lemma deviation_bounds_of_small:
  fixes s x \<delta> \<epsilon> :: real
  assumes "0 < \<delta>" "0 \<le> s" "1 \<le> x"
    and small: "s * x \<le> min (\<delta> / 8) (\<epsilon> * sqrt \<delta> / (4 * (1 + 2 / \<delta>)))"
  shows "s \<le> \<delta> / 8" and "2 * (1 + 2 / \<delta>) / sqrt \<delta> * (2 * s) * x \<le> \<epsilon>"
proof -
  from mult_left_mono[OF \<open>1 \<le> x\<close> \<open>0 \<le> s\<close>] small show "s \<le> \<delta> / 8" by simp
  have "0 < 4 * (1 + 2 / \<delta>)" "0 < sqrt \<delta>"
    using \<open>0 < \<delta>\<close> by (auto intro!: add_pos_pos)
  have "2 * (1 + 2 / \<delta>) / sqrt \<delta> * (2 * s) * x = 4 * (1 + 2 / \<delta>) / sqrt \<delta> * (s * x)"
    by simp
  also have "\<dots> \<le> 4 * (1 + 2 / \<delta>) / sqrt \<delta> * (\<epsilon> * sqrt \<delta> / (4 * (1 + 2 / \<delta>)))"
    using small \<open>0 < 4 * (1 + 2 / \<delta>)\<close> \<open>0 < sqrt \<delta>\<close> by (intro mult_left_mono) auto
  also have "\<dots> = \<epsilon>"
    using \<open>0 < 4 * (1 + 2 / \<delta>)\<close> \<open>0 < sqrt \<delta>\<close> by simp
  finally show "2 * (1 + 2 / \<delta>) / sqrt \<delta> * (2 * s) * x \<le> \<epsilon>" .
qed

text \<open>Hoeffding's inequality bounds the probability that a block with at least
  c0^2 n^2 / (2 K^2) entries deviates at this level by 2 / n^2.\<close>

definition deviation_level :: "nat \<Rightarrow> nat \<Rightarrow> real \<Rightarrow> real" where
  "deviation_level n K c = real K * sqrt (2 * ln (real n)) / (c * real n)"

locale ml_scbm =
  fixes n L Ks Kr :: nat and gs gr :: "nat \<Rightarrow> nat" and B :: "nat \<Rightarrow> nat \<Rightarrow> nat \<Rightarrow> real"
    and \<delta> c0 :: real
  assumes L_pos: "1 \<le> L" and Ks_pos: "1 \<le> Ks" and Kr_pos: "1 \<le> Kr"
    and gs_range: "\<And>i. i < n \<Longrightarrow> gs i \<in> {1..Ks}"
    and gr_range: "\<And>i. i < n \<Longrightarrow> gr i \<in> {1..Kr}"
    and \<delta>_pos: "0 < \<delta>" and \<delta>_le_half: "\<delta> \<le> 1/2"
    and B_range: "\<And>l k k'. l < L \<Longrightarrow> k \<in> {1..Ks} \<Longrightarrow> k' \<in> {1..Kr} \<Longrightarrow>
      \<delta> \<le> B l k k' \<and> B l k k' \<le> 1 - \<delta>"
    and c0_pos: "0 < c0"
    and sender_community_size: "\<And>k. k \<in> {1..Ks} \<Longrightarrow> c0 * real n / real Ks \<le> real (card (community n gs k))"
    and receiver_community_size: "\<And>k. k \<in> {1..Kr} \<Longrightarrow> c0 * real n / real Kr \<le> real (card (community n gr k))"
begin

abbreviation Pr :: "adj set \<Rightarrow> real" where
  "Pr \<equiv> measure_pmf.prob (adj_pmf n L (Omega B gs gr))"

abbreviation block_deviation :: "adj \<Rightarrow> nat \<Rightarrow> nat \<Rightarrow> nat \<Rightarrow> real" where
  "block_deviation A l k k' \<equiv> \<bar>\<Sum>(i, j)\<in>offdiag_block n gs gr k k'. of_bool (A (l, i, j)) - B l k k'\<bar>"

lemma card_offdiag_block_lower:
  assumes "k \<in> {1..Ks}" "k' \<in> {1..Kr}" and small: "real (max Ks Kr) \<le> c0 * real n / 2"
  shows "c0\<^sup>2 * (real n)\<^sup>2 / (2 * (real (max Ks Kr))\<^sup>2) \<le> real (card (offdiag_block n gs gr k k'))"
proof -
  define m where "m = c0 * real n / real (max Ks Kr)"
  have "real (max Ks Kr) \<ge> 1" using Ks_pos by simp
  then have "m \<ge> 2" using small unfolding m_def by (simp add: field_simps)
  have "m \<le> c0 * real n / real Ks" "m \<le> c0 * real n / real Kr"
    unfolding m_def using Ks_pos Kr_pos c0_pos \<open>m \<ge> 2\<close>
    by (auto intro!: divide_left_mono simp: m_def zero_le_mult_iff)
  then have S: "m \<le> real (card (community n gs k))" and R: "m \<le> real (card (community n gr k'))"
    using sender_community_size[OF assms(1)] receiver_community_size[OF assms(2)] by linarith+
  have "c0\<^sup>2 * (real n)\<^sup>2 / (2 * (real (max Ks Kr))\<^sup>2) = m * (m / 2)"
    by (simp add: m_def power2_eq_square mult_ac)
  also have "\<dots> \<le> real (card (community n gs k)) * (real (card (community n gr k')) - 1)"
    using S R \<open>m \<ge> 2\<close> by (intro mult_mono) auto
  also have "\<dots> \<le> real (card (offdiag_block n gs gr k k'))"
    by (rule card_offdiag_block_ge)
  finally show ?thesis .
qed

lemma prob_block_deviation_le:
  assumes "l < L" "k \<in> {1..Ks}" "k' \<in> {1..Kr}" "0 < n"
    and small: "real (max Ks Kr) \<le> c0 * real n / 2" and s: "deviation_level n (max Ks Kr) c0 \<le> s"
  shows "Pr {A. real (card (offdiag_block n gs gr k k')) * s < block_deviation A l k k'} \<le> 2 / (real n)\<^sup>2"
proof -
  define N where "N = real (card (offdiag_block n gs gr k k'))"
  define K where "K = real (max Ks Kr)"
  have "0 \<le> ln (real n)" using \<open>0 < n\<close> by simp
  then have "0 \<le> deviation_level n (max Ks Kr) c0"
    using c0_pos by (simp add: deviation_level_def)
  then have "0 \<le> s" and s_sq: "(deviation_level n (max Ks Kr) c0)\<^sup>2 \<le> s\<^sup>2"
    using s by (auto intro: power_mono)
  have "ln (real n) = c0\<^sup>2 * (real n)\<^sup>2 / (2 * K\<^sup>2) * (deviation_level n (max Ks Kr) c0)\<^sup>2"
    using \<open>0 \<le> ln (real n)\<close> \<open>0 < n\<close> Ks_pos c0_pos
    by (simp add: deviation_level_def K_def power_mult_distrib power_divide field_simps)
  also have "\<dots> \<le> N * s\<^sup>2"
    using card_offdiag_block_lower[OF assms(2,3) small] s_sq
    by (intro mult_mono) (simp_all add: N_def K_def)
  finally have "ln (real n) \<le> N * s\<^sup>2" .
  have "Pr {A. N * s < block_deviation A l k k'} \<le> 2 * exp (-2 * N * s\<^sup>2)"
    unfolding N_def using B_range[OF assms(1-3)] \<delta>_pos
    by (intro prob_offdiag_block_deviation_le \<open>l < L\<close> \<open>0 \<le> s\<close>) auto
  also have "\<dots> \<le> 2 * exp (-2 * ln (real n))"
    using \<open>ln (real n) \<le> N * s\<^sup>2\<close> by simp
  also have "\<dots> = 2 / (real n)\<^sup>2"
  proof -
    have "exp (2 * ln (real n)) = exp (ln (real n)) ^ 2"
      using exp_of_nat_mult[of 2 "ln (real n)"] by simp
    then show ?thesis using \<open>0 < n\<close> by (simp add: exp_minus field_simps)
  qed
  finally show ?thesis unfolding N_def .
qed

lemma prob_some_block_deviates_le:
  assumes "0 < n" "real (max Ks Kr) \<le> c0 * real n / 2" "deviation_level n (max Ks Kr) c0 \<le> s"
  shows "Pr {A. \<exists>l<L. \<exists>k\<in>{1..Ks}. \<exists>k'\<in>{1..Kr}.
      real (card (offdiag_block n gs gr k k')) * s < block_deviation A l k k'}
    \<le> 2 * real L * real Ks * real Kr / (real n)\<^sup>2"
proof -
  define I where "I = {..<L} \<times> {1..Ks} \<times> {1..Kr}"
  define Bad where "Bad = (\<lambda>(l, k, k'). {A. real (card (offdiag_block n gs gr k k')) * s < block_deviation A l k k'})"
  have "{A. \<exists>l<L. \<exists>k\<in>{1..Ks}. \<exists>k'\<in>{1..Kr}.
      real (card (offdiag_block n gs gr k k')) * s < block_deviation A l k k'} = (\<Union>x\<in>I. Bad x)"
    by (auto simp: I_def Bad_def)
  also have "Pr \<dots> \<le> (\<Sum>x\<in>I. Pr (Bad x))"
    by (rule measure_pmf.finite_measure_subadditive_finite) (auto simp: I_def)
  also have "\<dots> \<le> (\<Sum>x\<in>I. 2 / (real n)\<^sup>2)"
  proof (rule sum_mono)
    fix x assume "x \<in> I"
    then obtain l k k' where "x = (l, k, k')" "l < L" "k \<in> {1..Ks}" "k' \<in> {1..Kr}"
      by (auto simp: I_def)
    then show "Pr (Bad x) \<le> 2 / (real n)\<^sup>2"
      using prob_block_deviation_le[OF _ _ _ assms] by (simp add: Bad_def)
  qed
  also have "\<dots> = 2 * real L * real Ks * real Kr / (real n)\<^sup>2"
    by (simp add: I_def card_cartesian_product)
  finally show ?thesis .
qed

lemma abs_Bhat_minus_B_le:
  assumes "i < n" "j < n" "l < L" "0 \<le> s"
    and "block_deviation A l (gs i) (gr j) \<le> real (card (offdiag_block n gs gr (gs i) (gr j))) * s"
  shows "\<bar>Bhat n A gs gr l (gs i) (gr j) - B l (gs i) (gr j)\<bar> \<le> s + real Kr / (c0 * real n)"
proof -
  have "0 < card (community n gr (gr j))"
    using \<open>j < n\<close> by (auto simp: card_gt_0_iff)
  then have "1 / real (card (community n gr (gr j))) \<le> real Kr / (c0 * real n)"
    using receiver_community_size[OF gr_range[OF \<open>j < n\<close>]] c0_pos \<open>j < n\<close> Kr_pos
    by (simp add: field_simps)
  moreover have "\<bar>Bhat n A gs gr l (gs i) (gr j) - B l (gs i) (gr j)\<bar>
      \<le> s + 1 / real (card (community n gr (gr j)))"
    using assms B_range[OF \<open>l < L\<close> gs_range[OF \<open>i < n\<close>] gr_range[OF \<open>j < n\<close>]] \<delta>_pos
    by (intro abs_Bhat_minus_le) auto
  ultimately show ?thesis by linarith
qed

lemma abs_Rhat_diff_le:
  assumes "2 \<le> n" "i < n" "j < n"
    and les: "labels_equiv n Ks hgs gs" and ler: "labels_equiv n Kr hgr gr"
    and good: "\<forall>l<L. \<forall>k\<in>{1..Ks}. \<forall>k'\<in>{1..Kr}.
        block_deviation A l k k' \<le> real (card (offdiag_block n gs gr k k')) * s"
    and "0 \<le> s" "s + real Kr / (c0 * real n) \<le> t" "t \<le> \<delta> / 4"
  shows "\<bar>Rhat n L A hgs hgr i j - Rmat n L (Omega B gs gr) A i j\<bar>
    \<le> 2 * (1 + 2 / \<delta>) / sqrt \<delta> * t * sqrt L / sqrt (real n - 1)"
proof -
  have "0 \<le> real Kr / (c0 * real n)" using c0_pos by simp
  then have "0 \<le> t" using assms(7,8) by linarith
  show ?thesis
  proof (cases "i = j")
    case True
    with \<open>0 \<le> t\<close> \<delta>_pos \<open>2 \<le> n\<close> show ?thesis by (simp add: Rhat_def Rmat_def)
  next
    case False
    define p q where "p = (\<lambda>l. B l (gs i) (gr j))" and "q = (\<lambda>l. Bhat n A gs gr l (gs i) (gr j))"
    have p: "\<delta> \<le> p l \<and> p l \<le> 1 - \<delta>" if "l < L" for l
      unfolding p_def using B_range[OF that gs_range gr_range] \<open>i < n\<close> \<open>j < n\<close> by blast
    have q: "\<bar>q l - p l\<bar> \<le> t" if "l < L" for l
      unfolding p_def q_def using abs_Bhat_minus_B_le[OF \<open>i < n\<close> \<open>j < n\<close> that \<open>0 \<le> s\<close>] good that
        gs_range gr_range \<open>i < n\<close> \<open>j < n\<close> \<open>s + real Kr / (c0 * real n) \<le> t\<close>
      by fastforce
    have "Rhat n L A hgs hgr i j = Rhat n L A gs gr i j"
      by (rule Rhat_labels_equiv[OF les ler gs_range gr_range \<open>i < n\<close> \<open>j < n\<close>])
    then show ?thesis
      using abs_standardized_sum_perturbation[OF L_pos _ \<delta>_pos \<delta>_le_half \<open>0 \<le> t\<close> \<open>t \<le> \<delta> / 4\<close> p q,
          where m = "real n - 1" and a = "\<lambda>l. A (l, i, j)"] \<open>2 \<le> n\<close> False
      by (simp add: Rhat_def Rmat_def Omega_def p_def q_def)
  qed
qed

lemma spec_norm_Rhat_diff_le:
  assumes "2 \<le> n"
    and les: "labels_equiv n Ks hgs gs" and ler: "labels_equiv n Kr hgr gr"
    and good: "\<forall>l<L. \<forall>k\<in>{1..Ks}. \<forall>k'\<in>{1..Kr}.
        block_deviation A l k k' \<le> real (card (offdiag_block n gs gr k k')) * s"
    and "0 \<le> s" "s + real Kr / (c0 * real n) \<le> t" "t \<le> \<delta> / 4"
  shows "spec_norm n (\<lambda>i j. Rhat n L A hgs hgr i j - Rmat n L (Omega B gs gr) A i j)
    \<le> 2 * (1 + 2 / \<delta>) / sqrt \<delta> * t * sqrt (2 * real n * real L)"
proof -
  define C where "C = 2 * (1 + 2 / \<delta>) / sqrt \<delta>"
  have "0 \<le> real Kr / (c0 * real n)" using c0_pos by simp
  then have "0 \<le> C" "0 \<le> t"
    using \<delta>_pos assms(5,6) unfolding C_def by auto
  then have "0 \<le> C * t * sqrt L / sqrt (real n - 1)"
    using \<open>2 \<le> n\<close> by simp
  with abs_Rhat_diff_le[OF \<open>2 \<le> n\<close> _ _ assms(2-7)]
  have "spec_norm n (\<lambda>i j. Rhat n L A hgs hgr i j - Rmat n L (Omega B gs gr) A i j)
      \<le> real n * (C * t * sqrt L / sqrt (real n - 1))"
    unfolding C_def by (intro spec_norm_le_entrywise)
  also have "\<dots> = C * t * sqrt L * (real n / sqrt (real n - 1))"
    by simp
  also have "\<dots> \<le> C * t * sqrt L * sqrt (2 * real n)"
    using real_div_sqrt_pred_le[OF \<open>2 \<le> n\<close>] \<open>0 \<le> C\<close> \<open>0 \<le> t\<close> by (intro mult_left_mono) auto
  also have "\<dots> = C * t * sqrt (2 * real n * real L)"
    by (simp add: real_sqrt_mult)
  finally show ?thesis unfolding C_def .
qed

» **EXERCISE GOAL**
Scan the listing above and copy all lines containing the word "exists".

» **OUTPUT OF THE TASK**
  shows "Pr {A. \<exists>l<L. \<exists>k\<in>{1..Ks}. \<exists>k'\<in>{1..Kr}.
  have "{A. \<exists>l<L. \<exists>k\<in>{1..Ks}. \<exists>k'\<in>{1..Kr}.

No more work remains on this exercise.